Collected data:
(* Let $(G,T)$ be a terminal graph obtained from the terminal graph $(G-v,T\setminus\{v\})$ by introducing $v$, and let $k$ be a positive integer. Let $(H,\ell)=\mathcal{C}^c_k(G-v,T\setminus\{v\})$. Construct a labeled graph $(H',\ell')$ as follows. For every node $x$ of $H$ and every color $c\in\{1,\dots,k\}$: if the unique function $\delta:T\to\{1,\dots,k\}$ with $\delta(v)=c$ and $\delta|_{T\setminus\{v\}}=\ell(x)$ is a coloring of $G[T]$, introduce a node $x_c$ with $\ell'(x_c)=\delta$. For every pair of distinct nodes $x_c,y_d$, add an edge between them if and only if $x=y$, or $xy$ is an edge of $H$ and $c=d$. Then $(H',\ell')=\mathcal{C}^c_k(G,T)$. Moreover, given any certificate for $(H,\ell)$, there is a certificate for $(H',\ell')$ such that for every $k$-coloring $\gamma$ of $G$, if $x$ is the $\gamma|_{V(G)\setminus\{v\}}$-node of $H$ and $\gamma(v)=c$, then $x_c$ is the $\gamma$-node of $H'$.
   Context: A terminal graph $(G,T)$ is a graph $G$ with $T\subseteq V(G)$. $(G,T)$ is obtained from $(G-v,T\setminus\{v\})$ by introducing $v$ if $T\ne V(G)$, $v\in T$ and $N(v)\subseteq T$. A $k$-coloring of $G$ is a map $\alpha:V(G)\to\{1,\dots,k\}$ with $\alpha(u)\ne\alpha(w)$ for all edges $uw$. $\mathcal{C}_k(G)$ has the $k$-colorings as nodes, adjacent iff they differ on exactly one vertex. For $T\subseteq V(G)$, label each coloring $\gamma$ by $\gamma|_T$. A label component is a maximal set of colorings with the same label inducing a connected subgraph of $\mathcal{C}_k(G)$. The contracted solution graph $\mathcal{C}^c_k(G,T)=(H,\ell)$ has one node $x$ per label component $S_x$, distinct $x,y$ adjacent iff some $\gamma\in S_x,\gamma'\in S_y$ are adjacent in $\mathcal{C}_k(G)$, and $\ell(x)$ the common label on $S_x$; labeled graphs are identified up to label-preserving isomorphism. A certificate for $(H,\ell)$ is an assignment of nonempty sets $S_x$ of $k$-colorings of $G$ to the nodes such that: the $S_x$ partition the $k$-colorings; $\gamma|_T=\ell(x)$ for $\gamma\in S_x$; adjacent nodes have distinct labels; each $S_x$ induces a connected subgraph of $\mathcal{C}_k(G)$; distinct $x,y$ are adjacent iff some $\gamma\in S_x$ and $\gamma'\in S_y$ are adjacent in $\mathcal{C}_k(G)$. The $\gamma$-node with respect to a certificate $S$ is the node $x$ with $\gamma\in S_x$. *)

theory Defs
  imports Main "HOL-Library.FuncSet"
begin

definition simple_graph :: "'v set \<Rightarrow> ('v \<times> 'v) set \<Rightarrow> bool" where
  "simple_graph V E \<longleftrightarrow> finite V \<and> E \<subseteq> V \<times> V \<and> sym E \<and> irrefl E"

definition del_vertex :: "('v \<times> 'v) set \<Rightarrow> 'v \<Rightarrow> ('v \<times> 'v) set" where
  "del_vertex E v = {(a, b). (a, b) \<in> E \<and> a \<noteq> v \<and> b \<noteq> v}"

definition induced_edges :: "('v \<times> 'v) set \<Rightarrow> 'v set \<Rightarrow> ('v \<times> 'v) set" where
  "induced_edges E S = E \<inter> (S \<times> S)"

definition introduces :: "'v set \<Rightarrow> ('v \<times> 'v) set \<Rightarrow> 'v set \<Rightarrow> 'v \<Rightarrow> bool" where
  "introduces V E T v \<longleftrightarrow> T \<subseteq> V \<and> T \<noteq> V \<and> v \<in> T \<and> {u. (v, u) \<in> E} \<subseteq> T"

definition colorings :: "nat \<Rightarrow> 'v set \<Rightarrow> ('v \<times> 'v) set \<Rightarrow> ('v \<Rightarrow> nat) set" where
  "colorings k V E = {\<alpha> \<in> V \<rightarrow>\<^sub>E {1..k}. \<forall>(u, w) \<in> E. \<alpha> u \<noteq> \<alpha> w}"

definition col_adj :: "'v set \<Rightarrow> ('v \<Rightarrow> nat) \<Rightarrow> ('v \<Rightarrow> nat) \<Rightarrow> bool" where
  "col_adj V \<alpha> \<beta> \<longleftrightarrow> card {u \<in> V. \<alpha> u \<noteq> \<beta> u} = 1"

definition col_connected :: "'v set \<Rightarrow> ('v \<Rightarrow> nat) set \<Rightarrow> bool" where
  "col_connected V S \<longleftrightarrow> S \<noteq> {} \<and>
     (\<forall>\<alpha>\<in>S. \<forall>\<beta>\<in>S. (\<alpha>, \<beta>) \<in> {(a, b). a \<in> S \<and> b \<in> S \<and> col_adj V a b}\<^sup>*)"

definition same_label :: "'v set \<Rightarrow> ('v \<Rightarrow> nat) set \<Rightarrow> bool" where
  "same_label T S \<longleftrightarrow> (\<forall>\<alpha>\<in>S. \<forall>\<beta>\<in>S. restrict \<alpha> T = restrict \<beta> T)"

definition label_component ::
  "nat \<Rightarrow> 'v set \<Rightarrow> ('v \<times> 'v) set \<Rightarrow> 'v set \<Rightarrow> ('v \<Rightarrow> nat) set \<Rightarrow> bool" where
  "label_component k V E T S \<longleftrightarrow>
     S \<subseteq> colorings k V E \<and> same_label T S \<and> col_connected V S \<and>
     (\<forall>S'. S \<subseteq> S' \<and> S' \<subseteq> colorings k V E \<and> same_label T S' \<and> col_connected V S' \<longrightarrow> S' = S)"

text \<open>A labeled graph: node set, (symmetric) adjacency relation, labeling of nodes by partial
  colorings (extensional functions 'v \<Rightarrow> nat).\<close>
type_synonym ('n, 'v) lgraph = "'n set \<times> ('n \<times> 'n) set \<times> ('n \<Rightarrow> 'v \<Rightarrow> nat)"

definition lp_iso :: "('n, 'v) lgraph \<Rightarrow> ('m, 'v) lgraph \<Rightarrow> bool" where
  "lp_iso G1 G2 \<longleftrightarrow> (case G1 of (N1, A1, l1) \<Rightarrow> case G2 of (N2, A2, l2) \<Rightarrow>
     (\<exists>f. bij_betw f N1 N2 \<and>
          (\<forall>x\<in>N1. \<forall>y\<in>N1. (x, y) \<in> A1 \<longleftrightarrow> (f x, f y) \<in> A2) \<and>
          (\<forall>x\<in>N1. l2 (f x) = l1 x)))"

definition csg :: "nat \<Rightarrow> 'v set \<Rightarrow> ('v \<times> 'v) set \<Rightarrow> 'v set \<Rightarrow> (('v \<Rightarrow> nat) set, 'v) lgraph" where
  "csg k V E T =
    ({S. label_component k V E T S},
     {(S1, S2). label_component k V E T S1 \<and> label_component k V E T S2 \<and> S1 \<noteq> S2 \<and>
                (\<exists>\<gamma>\<in>S1. \<exists>\<gamma>'\<in>S2. col_adj V \<gamma> \<gamma>')},
     (\<lambda>S. restrict (SOME \<gamma>. \<gamma> \<in> S) T))"

definition certificate ::
  "nat \<Rightarrow> 'v set \<Rightarrow> ('v \<times> 'v) set \<Rightarrow> 'v set \<Rightarrow> ('n, 'v) lgraph \<Rightarrow> ('n \<Rightarrow> ('v \<Rightarrow> nat) set) \<Rightarrow> bool" where
  "certificate k V E T H S \<longleftrightarrow> (case H of (N, A, l) \<Rightarrow>
     (\<forall>x\<in>N. S x \<noteq> {}) \<and>
     (\<forall>x\<in>N. \<forall>y\<in>N. x \<noteq> y \<longrightarrow> S x \<inter> S y = {}) \<and>
     (\<Union>x\<in>N. S x) = colorings k V E \<and>
     (\<forall>x\<in>N. \<forall>\<gamma>\<in>S x. restrict \<gamma> T = l x) \<and>
     (\<forall>x\<in>N. \<forall>y\<in>N. (x, y) \<in> A \<longrightarrow> l x \<noteq> l y) \<and>
     (\<forall>x\<in>N. col_connected V (S x)) \<and>
     (\<forall>x\<in>N. \<forall>y\<in>N. x \<noteq> y \<longrightarrow> ((x, y) \<in> A \<longleftrightarrow> (\<exists>\<gamma>\<in>S x. \<exists>\<gamma>'\<in>S y. col_adj V \<gamma> \<gamma>'))))"

definition intro_label :: "'v set \<Rightarrow> 'v \<Rightarrow> ('v \<Rightarrow> nat) \<Rightarrow> nat \<Rightarrow> ('v \<Rightarrow> nat)" where
  "intro_label T v lb c = restrict (\<lambda>u. if u = v then c else lb u) T"

definition intro_graph ::
  "nat \<Rightarrow> ('v \<times> 'v) set \<Rightarrow> 'v set \<Rightarrow> 'v \<Rightarrow> ('n, 'v) lgraph \<Rightarrow> ('n \<times> nat, 'v) lgraph" where
  "intro_graph k E T v H = (case H of (N, A, l) \<Rightarrow>
     (let N' = {(x, c). x \<in> N \<and> c \<in> {1..k} \<and>
                        intro_label T v (l x) c \<in> colorings k T (induced_edges E T)}
      in (N',
          {((x, c), (y, d)). (x, c) \<in> N' \<and> (y, d) \<in> N' \<and> (x, c) \<noteq> (y, d) \<and>
                             (x = y \<or> ((x, y) \<in> A \<and> c = d))},
          (\<lambda>(x, c). intro_label T v (l x) c))))"

end

theory Submission
  imports Defs
begin

text \<open>
  Every \<open>k\<close>-coloring of \<open>G\<close> is a coloring \<open>\<beta>\<close> of \<open>G - v\<close> extended by a color \<open>c\<close> at
  \<open>v\<close>; since all neighbours of \<open>v\<close> are terminals, the extension is a coloring exactly when the
  resulting label is a coloring of \<open>G[T]\<close>. Given a certificate \<open>S\<close> for \<open>(H,\<ell>)\<close>, put into
  node \<open>x\<^sub>c\<close> the extensions \<open>\<beta>(v := c)\<close> of the members \<open>\<beta>\<close> of \<open>S x\<close>. A recoloring step either
  changes \<open>v\<close> and nothing else (moving between \<open>x\<^sub>c\<close> and \<open>x\<^sub>d\<close>) or keeps the color of \<open>v\<close> and
  is a recoloring step of \<open>G - v\<close> (moving within \<open>x\<^sub>c\<close> or to \<open>y\<^sub>c\<close> along an edge \<open>xy\<close>), so
  these sets form a certificate for \<open>(H',\<ell>')\<close>. A labeled graph has a certificate iff it is
  isomorphic to the contracted solution graph, whose label components form the canonical certificate.
\<close>

abbreviation adj_within :: "'v set \<Rightarrow> ('v \<Rightarrow> nat) set \<Rightarrow> (('v \<Rightarrow> nat) \<times> ('v \<Rightarrow> nat)) set" where
  "adj_within V S \<equiv> {(a, b). a \<in> S \<and> b \<in> S \<and> col_adj V a b}"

§ What is required: Look above for lines with the word "introduces" and copy them all.

§ Written answer:
definition introduces :: "'v set \<Rightarrow> ('v \<times> 'v) set \<Rightarrow> 'v set \<Rightarrow> 'v \<Rightarrow> bool" where
  "introduces V E T v \<longleftrightarrow> T \<subseteq> V \<and> T \<noteq> V \<and> v \<in> T \<and> {u. (v, u) \<in> E} \<subseteq> T"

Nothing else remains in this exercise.